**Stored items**
━━━━━━
lemma leading_mode_close_if_psmean_tpt_bounds:
  assumes bounds: "\<forall>k\<ge>1. real k - 1 \<le> psmean a (tpt a k) \<and> psmean a (tpt a k) \<le> real k"
    and "t \<ge> 0"
  shows "\<bar>psmean a t - real (leading_mode (\<lambda>j. psf a j t))\<bar> \<le> 1"
proof -
  obtain m where m: "tpt a m \<le> t" "t < tpt a (Suc m)"
    using tpt_interval_exists[OF \<open>t \<ge> 0\<close>] by blast
  have "psmean a t \<le> psmean a (tpt a (Suc m))"
    using m \<open>t \<ge> 0\<close> tpt_nonneg psmean_le_psmean_iff by simp
  also have "\<dots> \<le> real m + 1"
    using bounds[rule_format, of "Suc m"] by simp
  finally have "psmean a t \<le> real m + 1" .
  moreover have "real m - 1 \<le> psmean a t"
  proof (cases "m = 0")
    case True
    then show ?thesis using psmean_nonneg[OF \<open>t \<ge> 0\<close>] by simp
  next
    case False
    then have "real m - 1 \<le> psmean a (tpt a m)" using bounds by simp
    also have "\<dots> \<le> psmean a t" using m \<open>t \<ge> 0\<close> tpt_nonneg psmean_le_psmean_iff by simp
    finally show ?thesis .
  qed
  ultimately show ?thesis
    using leading_mode_psf[OF \<open>t \<ge> 0\<close> m] by simp
qed

lemma psmean_tpt_bounds_if_leading_mode_close:
  assumes near: "\<forall>t\<ge>0. \<bar>psmean a t - real (leading_mode (\<lambda>j. psf a j t))\<bar> \<le> 1"
    and "k \<ge> 1"
  shows "real k - 1 \<le> psmean a (tpt a k) \<and> psmean a (tpt a k) \<le> real k"
proof
  have near_interval: "\<bar>psmean a t - real m\<bar> \<le> 1" if "tpt a m \<le> t" "t < tpt a (Suc m)" for t m
    using near leading_mode_psf[OF _ that] tpt_nonneg[of m] that(1) by force
  show "real k - 1 \<le> psmean a (tpt a k)"
    using near_interval[of k "tpt a k"] strict_mono_tpt by (simp add: strict_mono_def)
  show "psmean a (tpt a k) \<le> real k"
  proof (rule ccontr)
    assume "\<not> psmean a (tpt a k) \<le> real k"
    then have "ell a k < tpt a k" using psmean_le_iff_le_ell[OF tpt_nonneg] by simp
    from \<open>k \<ge> 1\<close> obtain p where k: "k = Suc p" by (metis Suc_le_D One_nat_def)
    \<comment> \<open>a point of [tpt (k - 1), tpt k) beyond ell k has mean above k, though its leading mode is k - 1\<close>
    define s where "s = max (tpt a p) ((ell a k + tpt a k) / 2)"
    have s: "tpt a p \<le> s" "s < tpt a (Suc p)" "ell a k < s"
      using \<open>ell a k < tpt a k\<close> strict_mono_tpt k by (auto simp: s_def strict_mono_def less_max_iff_disj)
    then have "real k < psmean a s"
      using psmean_le_iff_le_ell[of s k] ell_nonneg[of k] by simp
    with near_interval[OF s(1,2)] k show False by simp
  qed
qed

end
━━━━━━
**YOUR INSTRUCTIONS**
Copy out each line of the data above, exactly, if it lies between the line holding "- real m\<bar>" and the line holding "from \<open>k \<ge>", inclusive; copy no other line.

**SOLUTION TO THIS PROBLEM**
  have near_interval: "\<bar>psmean a t - real m\<bar> \<le> 1" if "tpt a m \<le> t" "t < tpt a (Suc m)" for t m
    using near leading_mode_psf[OF _ that] tpt_nonneg[of m] that(1) by force
  show "real k - 1 \<le> psmean a (tpt a k)"
    using near_interval[of k "tpt a k"] strict_mono_tpt by (simp add: strict_mono_def)
  show "psmean a (tpt a k) \<le> real k"
  proof (rule ccontr)
    assume "\<not> psmean a (tpt a k) \<le> real k"
    then have "ell a k < tpt a k" using psmean_le_iff_le_ell[OF tpt_nonneg] by simp
    from \<open>k \<ge> 1\<close> obtain p where k: "k = Suc p" by (metis Suc_le_D One_nat_def)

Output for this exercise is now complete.